O eleitor mira seus interesses quando vota. Estudos indicam que o pobre não se influencia necessariamente pelos poderosos. Ele é o “ignorante racional”, termo criado pelo economista americano Anthony Downs, conforme muito bem explicado pelo cientista político Marcus André Melo em entrevista às Páginas Amarelas de VEJA (15/10/2014). Por meio do voto, esse eleitor “tenta antes de mais nada maximizar seu bem-estar. Seu voto é coerente e racional”, assinalou Melo.

Nasci e vivi em uma cidade pobre da Paraíba, cuja população em grande parte hoje se beneficia do Bolsa Família. Terminado o período em que a cana-de-açúcar oferecia emprego, muitas famílias passavam a enfrentar a angústia da insegurança alimentar. Elas não sabiam se poderiam comer no dia seguinte. O programa lhes deu a certeza do amanhã. Mas, como não têm educação para avaliar riscos, imaginam que um novo governo pode cancelar o programa. Por isso, votam racionalmente no candidato oficial, quem quer que seja. Essas famílias votaram antes em FHC.

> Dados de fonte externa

(* Let $k,l,m$ be positive integers, $n=(l+1)k$, and let $A\in\mathbb{R}^{m\times n}$ have $2k$-restricted isometry constant $\delta_{2k}\in[\frac{\sqrt{2}}{2},1)$. Let $x\in\mathbb{R}^n$, $\epsilon\ge 0$, $e\in\mathbb{R}^m$ with $\|e\|_2\le\epsilon$, and $y=Ax+e$. For $p\in(0,1)$ let $x^{\star}$ be a solution of $$\min_{\gamma\in\mathbb{R}^n}\|\gamma\|_p\quad\text{subject to}\quad \|y-A\gamma\|_2\le\epsilon .$$ Let $T_0=\{1,\dots,k\}$ and $T_0^c=\{k+1,\dots,n\}$. Then for each $p\in(0,1)$ such that $C(p)<1$, where $$C(p)=\begin{cases}\left(\dfrac{\big((2-\delta_{2k})^{1-\frac{2}{p}}+2\delta_{2k}\big)g(p)}{1-\delta_{2k}}\right)^{p/2}, & p\in(0,p^{\star}],\\[2ex] \left(\dfrac{(2-\delta_{2k})^{1-\frac{2}{p}}g(p)+2^{2-\frac{2}{p}}\delta_{2k}}{1-\delta_{2k}}\right)^{p/2}, & p\in(p^{\star},1),\end{cases}$$ the solution $x^{\star}$ obeys $$\|x-x^{\star}\|_p^p\le C_0\|x_{T_0^c}\|_p^p+C_1k^{1-\frac{p}{2}}\epsilon^p,\qquad C_0=\frac{2(1+C(p))}{1-C(p)},\quad C_1=\frac{2^{\frac{3p}{2}+1}}{(1-\delta_{2k})^{\frac{p}{2}}(1-C(p))}.$$ In particular, if $\epsilon=0$ and $x$ is $k$-sparse, then $x^{\star}=x$.
   Context: For $1\le s\le n$, the $s$-restricted isometry constant $\delta_s$ of $A$ is the smallest constant such that $(1-\delta_s)\|z\|_2^2\le\|Az\|_2^2\le(1+\delta_s)\|z\|_2^2$ for all $s$-sparse $z\in\mathbb{R}^n$ (i.e. with at most $s$ nonzero entries). For $p\in(0,1)$, $\|\gamma\|_p=(\sum_i|\gamma_i|^p)^{1/p}$. For a vector $v$ and index set $T$, $v_T$ denotes the vector equal to $v$ on $T$ and zero elsewhere. $g(p)=\frac{p}{2}(1-\frac{p}{2})^{\frac{2}{p}-1}$ for $p\in(0,1]$. $p^{\star}\approx 0.45418$ is the unique solution in $(0,1]$ of $f(p)=1$, where $f(p)=(\frac{p}{2})^{1/2}(2-p)^{\frac1p-\frac12}$. *)

theory Defs
  imports Complex_Main
begin

text \<open>Vectors in R^n are represented as functions nat => real, only indices 0..n-1
  are relevant (index j corresponds to the paper's index j+1).\<close>

definition matvec :: "(nat \<Rightarrow> nat \<Rightarrow> real) \<Rightarrow> nat \<Rightarrow> (nat \<Rightarrow> real) \<Rightarrow> nat \<Rightarrow> real" where
  "matvec A n z = (\<lambda>i. \<Sum>j<n. A i j * z j)"

definition sqnorm :: "nat \<Rightarrow> (nat \<Rightarrow> real) \<Rightarrow> real" where
  "sqnorm n z = (\<Sum>j<n. (z j)\<^sup>2)"

definition norm2 :: "nat \<Rightarrow> (nat \<Rightarrow> real) \<Rightarrow> real" where
  "norm2 n z = sqrt (sqnorm n z)"

definition pnorm_pow :: "real \<Rightarrow> nat \<Rightarrow> (nat \<Rightarrow> real) \<Rightarrow> real" where
  "pnorm_pow p n z = (\<Sum>j<n. \<bar>z j\<bar> powr p)"

definition pnorm :: "real \<Rightarrow> nat \<Rightarrow> (nat \<Rightarrow> real) \<Rightarrow> real" where
  "pnorm p n z = (pnorm_pow p n z) powr (1 / p)"

definition sparse :: "nat \<Rightarrow> nat \<Rightarrow> (nat \<Rightarrow> real) \<Rightarrow> bool" where
  "sparse s n z \<longleftrightarrow> card {j. j < n \<and> z j \<noteq> 0} \<le> s"

definition ric :: "(nat \<Rightarrow> nat \<Rightarrow> real) \<Rightarrow> nat \<Rightarrow> nat \<Rightarrow> nat \<Rightarrow> real" where
  "ric A m n s = Inf {d. \<forall>z. sparse s n z \<longrightarrow>
      (1 - d) * sqnorm n z \<le> sqnorm m (matvec A n z) \<and>
      sqnorm m (matvec A n z) \<le> (1 + d) * sqnorm n z}"

definition g :: "real \<Rightarrow> real" where
  "g p = (p / 2) * (1 - p / 2) powr (2 / p - 1)"

definition f :: "real \<Rightarrow> real" where
  "f p = (p / 2) powr (1 / 2) * (2 - p) powr (1 / p - 1 / 2)"

definition pstar :: real where
  "pstar = (THE p. 0 < p \<and> p \<le> 1 \<and> f p = 1)"

definition Cp :: "real \<Rightarrow> real \<Rightarrow> real" where
  "Cp d p = (if p \<le> pstar
     then (((2 - d) powr (1 - 2 / p) + 2 * d) * g p / (1 - d)) powr (p / 2)
     else (((2 - d) powr (1 - 2 / p) * g p + 2 powr (2 - 2 / p) * d) / (1 - d)) powr (p / 2))"

end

Espertamente, Lula convenceu que ele e o PT, e não a sociedade e o Estado, são a origem do benefício. O passo seguinte foi a vergonhosa propaganda do medo, afirmando que a oposição, se vencesse, acabaria com o programa. Foi caso pensado para aterrorizar pobres indefesos e explorar seu imaginário.

O Bolsa Família não teve papel decisivo na reeleição de Dilma. Os votos do programa são estimados em torno de 27 milhões, ou cerca da metade dos que sufragaram o nome dela nas urnas. Mesmo que fossem votos de cabresto, o PT precisaria dobrar o programa para vencer só com eles. Impossível.

Em suma, o PT não é dono do Bolsa Família, nem os beneficiários do programa têm votos para eleger presidente da República.